■ Task to carry out
Give back exactly the lines of the entries below from the line with "(\<forall>(C :: ('f, ('f, 'b" to the line with "into A/\<phi> which", inclusive, and only those.

********************

(* Let $\mathsf{K}$ be a variety, $\mathbf{B}\in\mathsf{K}$, and $\mathbf{A}\leq\mathbf{B}$ fully epic in $\mathsf{K}$. For all congruences $\theta_1,\theta_2$ of $\mathbf{B}$, \[(\theta_1+^{\mathbf{B}}\theta_2){\upharpoonright}_A=\theta_1{\upharpoonright}_A+^{\mathbf{A}}\theta_2{\upharpoonright}_A.\]
   Context: For an algebra $\mathbf{C}$, $+^{\mathbf{C}}$ denotes the join in the congruence lattice of $\mathbf{C}$; $\theta{\upharpoonright}_A=\theta\cap(A\times A)$. $\mathbf{A}\leq\mathbf{B}$ is epic in $\mathsf{K}$ if for all $\mathbf{C}\in\mathsf{K}$ and homomorphisms $g,h\colon\mathbf{B}\to\mathbf{C}$, $g{\upharpoonright}_A=h{\upharpoonright}_A$ implies $g=h$; it is full in $\mathsf{K}$ if it is proper, almost total ($B=\mathrm{Sg}^{\mathbf{B}}(A\cup\{b\})$ for some $b$), and every congruence $\theta\neq\mathrm{id}_B$ of $\mathbf{B}$ relates each $b\in B$ to some $a\in A$; fully epic means full and epic. *)

theory Defs
  imports Main
begin

type_synonym ('f, 'a) alg = "'a set \<times> ('f \<Rightarrow> 'a list \<Rightarrow> 'a)"

definition is_algebra :: "('f \<Rightarrow> nat) \<Rightarrow> ('f, 'a) alg \<Rightarrow> bool" where
  "is_algebra ar Alg \<longleftrightarrow> fst Alg \<noteq> {} \<and>
     (\<forall>f xs. length xs = ar f \<and> set xs \<subseteq> fst Alg \<longrightarrow> snd Alg f xs \<in> fst Alg)"

datatype ('f, 'v) trm = Var 'v | App 'f "('f, 'v) trm list"

fun wf_trm :: "('f \<Rightarrow> nat) \<Rightarrow> ('f, 'v) trm \<Rightarrow> bool" where
  "wf_trm ar (Var v) = True"
| "wf_trm ar (App f ts) = (length ts = ar f \<and> (\<forall>t\<in>set ts. wf_trm ar t))"

fun eval_trm :: "('f \<Rightarrow> 'a list \<Rightarrow> 'a) \<Rightarrow> ('v \<Rightarrow> 'a) \<Rightarrow> ('f, 'v) trm \<Rightarrow> 'a" where
  "eval_trm F \<sigma> (Var v) = \<sigma> v"
| "eval_trm F \<sigma> (App f ts) = F f (map (eval_trm F \<sigma>) ts)"

definition in_variety ::
  "('f \<Rightarrow> nat) \<Rightarrow> (('f, nat) trm \<times> ('f, nat) trm) set \<Rightarrow> ('f, 'a) alg \<Rightarrow> bool" where
  "in_variety ar Eqs Alg \<longleftrightarrow> is_algebra ar Alg \<and>
     (\<forall>(s, t)\<in>Eqs. wf_trm ar s \<and> wf_trm ar t \<longrightarrow>
        (\<forall>\<sigma>. range \<sigma> \<subseteq> fst Alg \<longrightarrow> eval_trm (snd Alg) \<sigma> s = eval_trm (snd Alg) \<sigma> t))"

definition is_subalgebra :: "('f \<Rightarrow> nat) \<Rightarrow> 'a set \<Rightarrow> ('f, 'a) alg \<Rightarrow> bool" where
  "is_subalgebra ar A B \<longleftrightarrow> A \<subseteq> fst B \<and> is_algebra ar (A, snd B)"

definition Sg :: "('f \<Rightarrow> nat) \<Rightarrow> ('f, 'a) alg \<Rightarrow> 'a set \<Rightarrow> 'a set" where
  "Sg ar B X = \<Inter>{S. X \<subseteq> S \<and> S \<subseteq> fst B \<and>
      (\<forall>f xs. length xs = ar f \<and> set xs \<subseteq> S \<longrightarrow> snd B f xs \<in> S)}"

definition congruence :: "('f \<Rightarrow> nat) \<Rightarrow> ('f, 'a) alg \<Rightarrow> 'a rel \<Rightarrow> bool" where
  "congruence ar B \<theta> \<longleftrightarrow> equiv (fst B) \<theta> \<and>
     (\<forall>f xs ys. length xs = ar f \<and> list_all2 (\<lambda>x y. (x, y) \<in> \<theta>) xs ys \<longrightarrow>
        (snd B f xs, snd B f ys) \<in> \<theta>)"

definition cong_join :: "('f \<Rightarrow> nat) \<Rightarrow> ('f, 'a) alg \<Rightarrow> 'a rel \<Rightarrow> 'a rel \<Rightarrow> 'a rel" where
  "cong_join ar B \<theta>1 \<theta>2 = \<Inter>{\<psi>. congruence ar B \<psi> \<and> \<theta>1 \<union> \<theta>2 \<subseteq> \<psi>}"

definition restr :: "'a rel \<Rightarrow> 'a set \<Rightarrow> 'a rel" where
  "restr \<theta> A = \<theta> \<inter> (A \<times> A)"

definition is_hom :: "('f \<Rightarrow> nat) \<Rightarrow> ('a \<Rightarrow> 'c) \<Rightarrow> ('f, 'a) alg \<Rightarrow> ('f, 'c) alg \<Rightarrow> bool" where
  "is_hom ar h B C \<longleftrightarrow> h ` fst B \<subseteq> fst C \<and>
     (\<forall>f xs. length xs = ar f \<and> set xs \<subseteq> fst B \<longrightarrow> h (snd B f xs) = snd C f (map h xs))"

text \<open>The target algebras C range over algebras in K whose carrier lies in
the type of terms over 'b \<times> bool; this type is large enough to contain an isomorphic
copy of the subalgebra of any C generated by g(B) \<union> h(B), so (K being closed under
subalgebras and isomorphic copies) this is equivalent to quantifying over all C in K.\<close>

definition epic_in ::
  "('f \<Rightarrow> nat) \<Rightarrow> (('f, nat) trm \<times> ('f, nat) trm) set \<Rightarrow> 'b set \<Rightarrow> ('f, 'b) alg \<Rightarrow> bool" where
  "epic_in ar Eqs A B \<longleftrightarrow>
     (\<forall>(C :: ('f, ('f, 'b \<times> bool) trm) alg) g h.
        in_variety ar Eqs C \<and> is_hom ar g B C \<and> is_hom ar h B C \<and> (\<forall>a\<in>A. g a = h a)
        \<longrightarrow> (\<forall>b\<in>fst B. g b = h b))"

definition full_in :: "('f \<Rightarrow> nat) \<Rightarrow> 'b set \<Rightarrow> ('f, 'b) alg \<Rightarrow> bool" where
  "full_in ar A B \<longleftrightarrow> A \<subset> fst B \<and>
     (\<exists>b\<in>fst B. fst B = Sg ar B (A \<union> {b})) \<and>
     (\<forall>\<theta>. congruence ar B \<theta> \<and> \<theta> \<noteq> Id_on (fst B) \<longrightarrow>
        (\<forall>b\<in>fst B. \<exists>a\<in>A. (b, a) \<in> \<theta>))"

definition fully_epic_in ::
  "('f \<Rightarrow> nat) \<Rightarrow> (('f, nat) trm \<times> ('f, nat) trm) set \<Rightarrow> 'b set \<Rightarrow> ('f, 'b) alg \<Rightarrow> bool" where
  "fully_epic_in ar Eqs A B \<longleftrightarrow> full_in ar A B \<and> epic_in ar Eqs A B"

end

theory Submission
  imports Defs
begin

text \<open>
  Write \<phi> for the join of the restrictions \<theta>1|A and \<theta>2|A in the congruence lattice of A.
  The inclusion of \<phi> in (\<theta>1 + \<theta>2)|A holds for every subalgebra. For the converse we may
  assume that neither \<theta>i is the identity, so by fullness A meets every \<theta>i-class. Then
  b \<mapsto> [a]\<phi>, for any a \<in> A with (b, a) \<in> \<theta>i, is a well-defined homomorphism gi from B
  into A/\<phi> which restricts to the quotient map on A. Since A/\<phi> lies in the variety,
  epicness gives g1 = g2; hence the kernel of g1 contains \<theta>1 and \<theta>2, thus their join,
  and its restriction to A is \<phi>.
\<close>

lemma list_all2_set_subset:
  "list_all2 (\<lambda>x y. (x, y) \<in> R) xs ys \<Longrightarrow> R \<subseteq> S \<times> S \<Longrightarrow> set xs \<subseteq> S \<and> set ys \<subseteq> S"
  by (induction rule: list_all2_induct) auto

lemma is_algebra_closed:
  "is_algebra ar X \<Longrightarrow> length xs = ar f \<Longrightarrow> set xs \<subseteq> fst X \<Longrightarrow> snd X f xs \<in> fst X"
  unfolding is_algebra_def by blast

lemma in_variety_is_algebra: "in_variety ar Eqs X \<Longrightarrow> is_algebra ar X"
  unfolding in_variety_def by blast

lemma is_subalgebra_subset: "is_subalgebra ar A B \<Longrightarrow> A \<subseteq> fst B"
  and is_subalgebra_is_algebra: "is_subalgebra ar A B \<Longrightarrow> is_algebra ar (A, snd B)"
  unfolding is_subalgebra_def by blast+

lemma in_varietyI:
  assumes "is_algebra ar X"
    and "\<And>s t \<sigma>. (s, t) \<in> Eqs \<Longrightarrow> wf_trm ar s \<Longrightarrow> wf_trm ar t \<Longrightarrow> range \<sigma> \<subseteq> fst X
           \<Longrightarrow> eval_trm (snd X) \<sigma> s = eval_trm (snd X) \<sigma> t"
  shows "in_variety ar Eqs X"
  using assms unfolding in_variety_def by auto

lemma in_varietyD:
  "in_variety ar Eqs X \<Longrightarrow> (s, t) \<in> Eqs \<Longrightarrow> wf_trm ar s \<Longrightarrow> wf_trm ar t \<Longrightarrow> range \<sigma> \<subseteq> fst X
   \<Longrightarrow> eval_trm (snd X) \<sigma> s = eval_trm (snd X) \<sigma> t"
  unfolding in_variety_def by blast

lemma in_variety_subalgebra:
  assumes "in_variety ar Eqs B" and "is_subalgebra ar A B"
  shows "in_variety ar Eqs (A, snd B)"
proof (rule in_varietyI)
  show "is_algebra ar (A, snd B)"
    using assms(2) by (rule is_subalgebra_is_algebra)
  fix s t and \<sigma> :: "nat \<Rightarrow> _"
  assume "(s, t) \<in> Eqs" "wf_trm ar s" "wf_trm ar t" "range \<sigma> \<subseteq> fst (A, snd B)"
  moreover have "A \<subseteq> fst B"
    using assms(2) by (rule is_subalgebra_subset)
  ultimately show "eval_trm (snd (A, snd B)) \<sigma> s = eval_trm (snd (A, snd B)) \<sigma> t"
    using in_varietyD[OF assms(1)] by simp
qed

lemma congruence_equiv: "congruence ar X \<theta> \<Longrightarrow> equiv (fst X) \<theta>"
  unfolding congruence_def by blast

lemma congruence_refl: "congruence ar X \<theta> \<Longrightarrow> x \<in> fst X \<Longrightarrow> (x, x) \<in> \<theta>"
  unfolding congruence_def equiv_def refl_on_def by blast

lemma congruence_sym: "congruence ar X \<theta> \<Longrightarrow> (x, y) \<in> \<theta> \<Longrightarrow> (y, x) \<in> \<theta>"
  unfolding congruence_def equiv_def sym_def by blast

lemma congruence_trans: "congruence ar X \<theta> \<Longrightarrow> (x, y) \<in> \<theta> \<Longrightarrow> (y, z) \<in> \<theta> \<Longrightarrow> (x, z) \<in> \<theta>"
  unfolding congruence_def equiv_def trans_def by blast

lemma congruence_subset: "congruence ar X \<theta> \<Longrightarrow> \<theta> \<subseteq> fst X \<times> fst X"
  unfolding congruence_def equiv_def refl_on_def by blast

lemma congruence_app:
  "congruence ar X \<theta> \<Longrightarrow> length xs = ar f \<Longrightarrow> list_all2 (\<lambda>x y. (x, y) \<in> \<theta>) xs ys
   \<Longrightarrow> (snd X f xs, snd X f ys) \<in> \<theta>"
  unfolding congruence_def by blast

lemma congruenceI:
  assumes "equiv (fst X) \<theta>"
    and "\<And>f xs ys. length xs = ar f \<Longrightarrow> list_all2 (\<lambda>x y. (x, y) \<in> \<theta>) xs ys
           \<Longrightarrow> set xs \<subseteq> fst X \<Longrightarrow> set ys \<subseteq> fst X \<Longrightarrow> (snd X f xs, snd X f ys) \<in> \<theta>"
  shows "congruence ar X \<theta>"
  unfolding congruence_def
proof (intro conjI allI impI)
  fix f xs ys
  assume len_rel: "length xs = ar f \<and> list_all2 (\<lambda>x y. (x, y) \<in> \<theta>) xs ys"
  then have "set xs \<subseteq> fst X \<and> set ys \<subseteq> fst X"
    using list_all2_set_subset equiv_type[OF assms(1)] by blast
  with len_rel show "(snd X f xs, snd X f ys) \<in> \<theta>"
    using assms(2) by blast
qed (fact assms(1))

lemma congruence_total:
  assumes "is_algebra ar X"
  shows "congruence ar X (fst X \<times> fst X)"
proof (rule congruenceI)
  show "equiv (fst X) (fst X \<times> fst X)"
    by (rule equivI) (auto simp: refl_on_def sym_def trans_def)
  fix f xs ys
  assume "length xs = ar f" "list_all2 (\<lambda>x y. (x, y) \<in> fst X \<times> fst X) xs ys"
    and "set xs \<subseteq> fst X" "set ys \<subseteq> fst X"
  then show "(snd X f xs, snd X f ys) \<in> fst X \<times> fst X"
    using is_algebra_closed[OF assms] list_all2_lengthD[of _ xs ys] by simp
qed

lemma congruence_Inter:
  assumes "F \<noteq> {}" and cong: "\<And>\<theta>. \<theta> \<in> F \<Longrightarrow> congruence ar X \<theta>"
  shows "congruence ar X (\<Inter>F)"
proof (rule congruenceI)
  show "equiv (fst X) (\<Inter>F)"
  proof (rule equivI)
    obtain \<theta> where "\<theta> \<in> F"
      using assms(1) by blast
    then show "\<Inter>F \<subseteq> fst X \<times> fst X"
      using congruence_subset[OF cong] by blast
    show "refl_on (fst X) (\<Inter>F)"
      using congruence_refl[OF cong] unfolding refl_on_def by blast
    show "sym (\<Inter>F)"
      using congruence_sym[OF cong] unfolding sym_def by blast
    show "trans (\<Inter>F)"
      using congruence_trans[OF cong] unfolding trans_def by blast
  qed
  fix f xs ys
  assume len: "length xs = ar f" and rel: "list_all2 (\<lambda>x y. (x, y) \<in> \<Inter>F) xs ys"
  show "(snd X f xs, snd X f ys) \<in> \<Inter>F"
  proof
    fix \<theta> assume "\<theta> \<in> F"
    then have "list_all2 (\<lambda>x y. (x, y) \<in> \<theta>) xs ys"
      using rel by (auto elim: list_all2_mono)
    then show "(snd X f xs, snd X f ys) \<in> \<theta>"
      using congruence_app[OF cong[OF \<open>\<theta> \<in> F\<close>] len] by blast
  qed
qed

lemma congruence_cong_join:
  assumes "is_algebra ar X" and "\<theta>1 \<union> \<theta>2 \<subseteq> fst X \<times> fst X"
  shows "congruence ar X (cong_join ar X \<theta>1 \<theta>2)"
  unfolding cong_join_def
proof (rule congruence_Inter)
  show "{\<psi>. congruence ar X \<psi> \<and> \<theta>1 \<union> \<theta>2 \<subseteq> \<psi>} \<noteq> {}"
    using assms congruence_total by blast
qed blast

lemma cong_join_upper: "\<theta>1 \<union> \<theta>2 \<subseteq> cong_join ar X \<theta>1 \<theta>2"
  unfolding cong_join_def by blast

lemma cong_join_least:
  "congruence ar X \<psi> \<Longrightarrow> \<theta>1 \<union> \<theta>2 \<subseteq> \<psi> \<Longrightarrow> cong_join ar X \<theta>1 \<theta>2 \<subseteq> \<psi>"
  unfolding cong_join_def by blast

lemma cong_join_commute: "cong_join ar X \<theta>1 \<theta>2 = cong_join ar X \<theta>2 \<theta>1"
  unfolding cong_join_def by (simp add: Un_commute)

********************

■ Expected answer
     (\<forall>(C :: ('f, ('f, 'b \<times> bool) trm) alg) g h.
        in_variety ar Eqs C \<and> is_hom ar g B C \<and> is_hom ar h B C \<and> (\<forall>a\<in>A. g a = h a)
        \<longrightarrow> (\<forall>b\<in>fst B. g b = h b))"

definition full_in :: "('f \<Rightarrow> nat) \<Rightarrow> 'b set \<Rightarrow> ('f, 'b) alg \<Rightarrow> bool" where
  "full_in ar A B \<longleftrightarrow> A \<subset> fst B \<and>
     (\<exists>b\<in>fst B. fst B = Sg ar B (A \<union> {b})) \<and>
     (\<forall>\<theta>. congruence ar B \<theta> \<and> \<theta> \<noteq> Id_on (fst B) \<longrightarrow>
        (\<forall>b\<in>fst B. \<exists>a\<in>A. (b, a) \<in> \<theta>))"

definition fully_epic_in ::
  "('f \<Rightarrow> nat) \<Rightarrow> (('f, nat) trm \<times> ('f, nat) trm) set \<Rightarrow> 'b set \<Rightarrow> ('f, 'b) alg \<Rightarrow> bool" where
  "fully_epic_in ar Eqs A B \<longleftrightarrow> full_in ar A B \<and> epic_in ar Eqs A B"

end

theory Submission
  imports Defs
begin

text \<open>
  Write \<phi> for the join of the restrictions \<theta>1|A and \<theta>2|A in the congruence lattice of A.
  The inclusion of \<phi> in (\<theta>1 + \<theta>2)|A holds for every subalgebra. For the converse we may
  assume that neither \<theta>i is the identity, so by fullness A meets every \<theta>i-class. Then
  b \<mapsto> [a]\<phi>, for any a \<in> A with (b, a) \<in> \<theta>i, is a well-defined homomorphism gi from B
  into A/\<phi> which restricts to the quotient map on A. Since A/\<phi> lies in the variety,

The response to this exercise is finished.